In this article, we will explore configuring Role-Based Access Control (RBAC) for Microsoft Azure Managed Kubernetes Service (AKS). Azure Kubernetes Service is Microsoft's managed Kubernetes service that makes it easy to run Kubernetes on Azure, on-premises, and at the edge. As teams have adopted Kubernetes, they need to set up role-based access control RBAC to limit who can access which pods, namespace, users and roles.

This post will provide a range of options for RBAC for AKS, with practical guides for using open-source Teleport to provide RBAC for both AKS and on-premises AKS clusters.

Key takeaways:

  • The basics of configuring RBAC for Kubernetes
  • Scaling az role assignment and azure rbac
  • How to provide pod-level access and RBAC to your team
  • Best practices for providing access to a Kubernetes user
  • How to securely share a Kubernetes group amount users
  • How to audit access to the Kubernetes API, including kubectl exec session recordings

Prerequisites: This article assumes that you have deployed a Teleport cluster and an AKS cluster, either with your AKS cluster via our helm chart or connected via Teleport Cloud. If you don’t have an AKS cluster, we recommend using `az aks create` azure cli to create the appropriate resources.

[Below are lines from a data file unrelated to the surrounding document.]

lemma chain_in_code_factorizations:
  assumes "C \<subseteq> {2..}" "Z \<in> code_factorizations C e" "Z' \<in> code_factorizations C e"
    and "\<And>d. block d Z \<noteq> block d Z' \<Longrightarrow> d \<le> N"
  shows "chain_in (code_factorizations C e) N Z Z'"
  using assms(2,4)
proof (induction "size (Z - Z')" arbitrary: Z rule: less_induct)
  case less
  show ?case
  proof (cases "Z = Z'")
    case True
    then show ?thesis using less.prems(1) by (simp add: chain_in_refl)
  next
    case False
    then obtain d where d: "block d Z \<noteq> block d Z'"
      by (meson code_multiset_eq_iff_blocks)
    have "d \<in> C"
      using block_ne_imp_mem d less.prems(1) assms(3) unfolding code_factorizations_def by blast
    then have "2 \<le> d" "0 < d" using assms(1) by auto
    have "eval_codes Z = eval_codes Z'"
      using less.prems(1) assms(3) by (simp add: code_factorizations_def)
    then obtain A B where AB: "A \<subseteq># Z - Z'" "B \<subseteq># Z' - Z"
      "{A, B} = {{#X d, Y d#}, replicate_mset d (W d)}"
      using block_ne_exchange \<open>0 < d\<close> d by blast
    define Z1 where "Z1 = Z - A + B"
    have "Z1 \<in> code_factorizations C e"
      unfolding Z1_def
    proof (rule code_factorizations_exchange[OF less.prems(1)])
      show "A \<subseteq># Z" using AB(1) by (meson diff_subset_eq_self subset_mset.order_trans)
      show "set_mset B \<subseteq> codes C"
        using AB(2) assms(3) by (auto simp: code_factorizations_def dest!: mset_subset_eqD in_diffD)
      show "eval_codes A = eval_codes B"
        using AB(3) by (auto simp: doubleton_eq_iff eval_codes_replicate_W)
    qed
    moreover have "fdist Z Z1 \<le> N"
    proof -
      have "size A \<le> d" "size B \<le> d"
        using AB(3) \<open>2 \<le> d\<close> by (auto simp: doubleton_eq_iff)
      then show ?thesis
        using fdist_exchange_le[of Z A B] less.prems(2)[OF d] unfolding Z1_def by linarith
    qed
    moreover have "chain_in (code_factorizations C e) N Z1 Z'"
    proof (rule less.hyps)
      have "A \<noteq> {#}" using AB(3) \<open>2 \<le> d\<close> by (auto simp: doubleton_eq_iff)
      moreover have "size A \<le> size (Z - Z')" using AB(1) by (rule size_mset_mono)
      ultimately show "size (Z1 - Z') < size (Z - Z')"
        unfolding Z1_def exchange_diff[OF AB(1,2)] size_Diff_submset[OF AB(1)]
        by (simp add: nonempty_has_size)
      show "Z1 \<in> code_factorizations C e" by fact
      show "d' \<le> N" if "block d' Z1 \<noteq> block d' Z'" for d'
      proof (cases "d' = d")
        case False
        then have "block d' Z1 = block d' Z"
          using AB(3) by (auto simp: Z1_def block_def doubleton_eq_iff)
        then show ?thesis using less.prems(2) that by simp
      qed (use less.prems(2)[OF d] in simp)
    qed
    ultimately show ?thesis
      using less.prems(1) by (blast intro: chain_in_Cons)
  qed
qed

lemma code_factorizations_XY:
  assumes "C \<subseteq> {2..}" "d \<in> C"
  shows "code_factorizations C (atom_mset (X d) + atom_mset (Y d)) = {{#X d, Y d#}, replicate_mset d (W d)}"
proof (intro equalityI subsetI)
  fix Z assume Z: "Z \<in> code_factorizations C (atom_mset (X d) + atom_mset (Y d))"
  have even: "d' * count Z (X d') + count Z (W d') = (if d' = d then d else 0)"
    and odd: "d' * count Z (Y d') + count Z (W d') = (if d' = d then d else 0)" for d'
    using Z by (auto simp: code_factorizations_def simp flip: count_eval_codes_even count_eval_codes_odd)
  have other: "block d' Z = (0, 0, 0)" if "d' \<noteq> d" for d'
  proof (cases "d' \<in> C")
    case True
    then have "0 < d'" using assms(1) by auto
    then show ?thesis using even[of d'] odd[of d'] that by (simp add: block_def)
  qed (use Z block_not_in_codes in \<open>auto simp: code_factorizations_def\<close>)
  have "0 < d" using assms by auto
  then consider "block d Z = (1, 1, 0)" | "block d Z = (0, 0, d)"
    using even[of d] odd[of d] unfolding block_def
    by (cases "count Z (X d)"; cases "count Z (Y d)") auto
  then show "Z \<in> {{#X d, Y d#}, replicate_mset d (W d)}"
    using other \<open>0 < d\<close> by cases (auto simp: code_multiset_eq_iff_blocks block_def)
next
  fix Z assume "Z \<in> {{#X d, Y d#}, replicate_mset d (W d)}"
  then show "Z \<in> code_factorizations C (atom_mset (X d) + atom_mset (Y d))"
    using assms(2) by (auto simp: code_factorizations_def codes_def eval_codes_replicate_W split: if_splits)
qed

section \<open>Catenary degrees, the set R and daleth*\<close>

definition differing_blocks :: "code multiset set \<Rightarrow> nat set" where
  "differing_blocks F = {d. \<exists>Z\<in>F. \<exists>Z'\<in>F. block d Z \<noteq> block d Z'}"

lemma differing_blocks_subset: "differing_blocks (code_factorizations C e) \<subseteq> C"
proof
  fix d assume "d \<in> differing_blocks (code_factorizations C e)"
  then obtain Z Z' where "Z \<in> code_factorizations C e" "Z' \<in> code_factorizations C e" "block d Z \<noteq> block d Z'"
    unfolding differing_blocks_def by blast
  then show "d \<in> C"
    using block_ne_imp_mem unfolding code_factorizations_def by blast
qed

lemma differing_blocks_nonempty: "Z \<in> F \<Longrightarrow> Z' \<in> F \<Longrightarrow> Z \<noteq> Z' \<Longrightarrow> differing_blocks F \<noteq> {}"
  unfolding differing_blocks_def code_multiset_eq_iff_blocks by blast

lemma all_chained_balanced_monoid_iff:
  assumes "C \<subseteq> {2..}" "a \<in> carrier (balanced_monoid C)"
  shows "all_chained (balanced_monoid C) a N \<longleftrightarrow> (\<forall>d\<in>differing_blocks (code_factorizations C (mset_of_nat a)). d \<le> N)"
    (is "_ \<longleftrightarrow> (\<forall>d\<in>differing_blocks ?F. d \<le> N)")
proof -
  have "all_chained (balanced_monoid C) a N \<longleftrightarrow> (\<forall>Z\<in>?F. \<forall>Z'\<in>?F. chain_in ?F N Z Z')"
    unfolding all_chained_def Zs_balanced_monoid[OF assms]
    by (simp add: is_chain_balanced_monoid_iff[OF assms])
  also have "\<dots> \<longleftrightarrow> (\<forall>d\<in>differing_blocks ?F. d \<le> N)"
  proof
    assume all: "\<forall>Z\<in>?F. \<forall>Z'\<in>?F. chain_in ?F N Z Z'"
    show "\<forall>d\<in>differing_blocks ?F. d \<le> N"
    proof
      fix d assume d: "d \<in> differing_blocks ?F"
      then obtain Z Z' where "Z \<in> ?F" "Z' \<in> ?F" "block d Z \<noteq> block d Z'"
        unfolding differing_blocks_def by blast
      moreover have "0 < d"
        using d differing_blocks_subset assms(1) by fastforce
      ultimately show "d \<le> N"
        using chain_in_code_factorizations_lower_bound all by blast
    qed
  next
    assume "\<forall>d\<in>differing_blocks ?F. d \<le> N"
    then show "\<forall>Z\<in>?F. \<forall>Z'\<in>?F. chain_in ?F N Z Z'"
      unfolding differing_blocks_def by (blast intro: chain_in_code_factorizations[OF assms(1)])
  qed
  finally show ?thesis .
qed

lemma is_catenary_degree_eq_Max:
  assumes "\<And>N. all_chained G a N \<longleftrightarrow> (\<forall>d\<in>D. d \<le> N)" "finite D" "D \<noteq> {}"
  shows "is_catenary_degree G a N \<longleftrightarrow> N = Max D"
  unfolding is_catenary_degree_def assms(1) Max_le_iff[OF assms(2,3), symmetric]
  by (metis le_antisym not_le order_refl)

Options for configuring Kubernetes RBAC

Role-based access control is a method of regulating access to resources based on the roles of an individual user. For example, the DevOps team may need full access to Kubernetes, but software engineering might only have access to pods in the development namespace. RBAC is often combined with a central IDP and SSO provider, such as Okta, Active Directory, Managed ActiveDirectory, Azure AD or GitHub. These IDPs often contain extra metadata, such as groups. These groups are often used in combination with IDPs.

The core logical components of RBAC are:

  • Entity: A group, user or service account (an identity representing an application that wants to execute certain operations — actions — and requires permissions to do so).
  • Resource: A pod, service or secret that the entity wants to access using certain operations.
  • Role: Used to define rules for the actions the entity can take on various resources.
  • Role binding: This attaches (binds) a role to an entity, stating that the set of rules defines the actions permitted by the attached entity on the specified resources.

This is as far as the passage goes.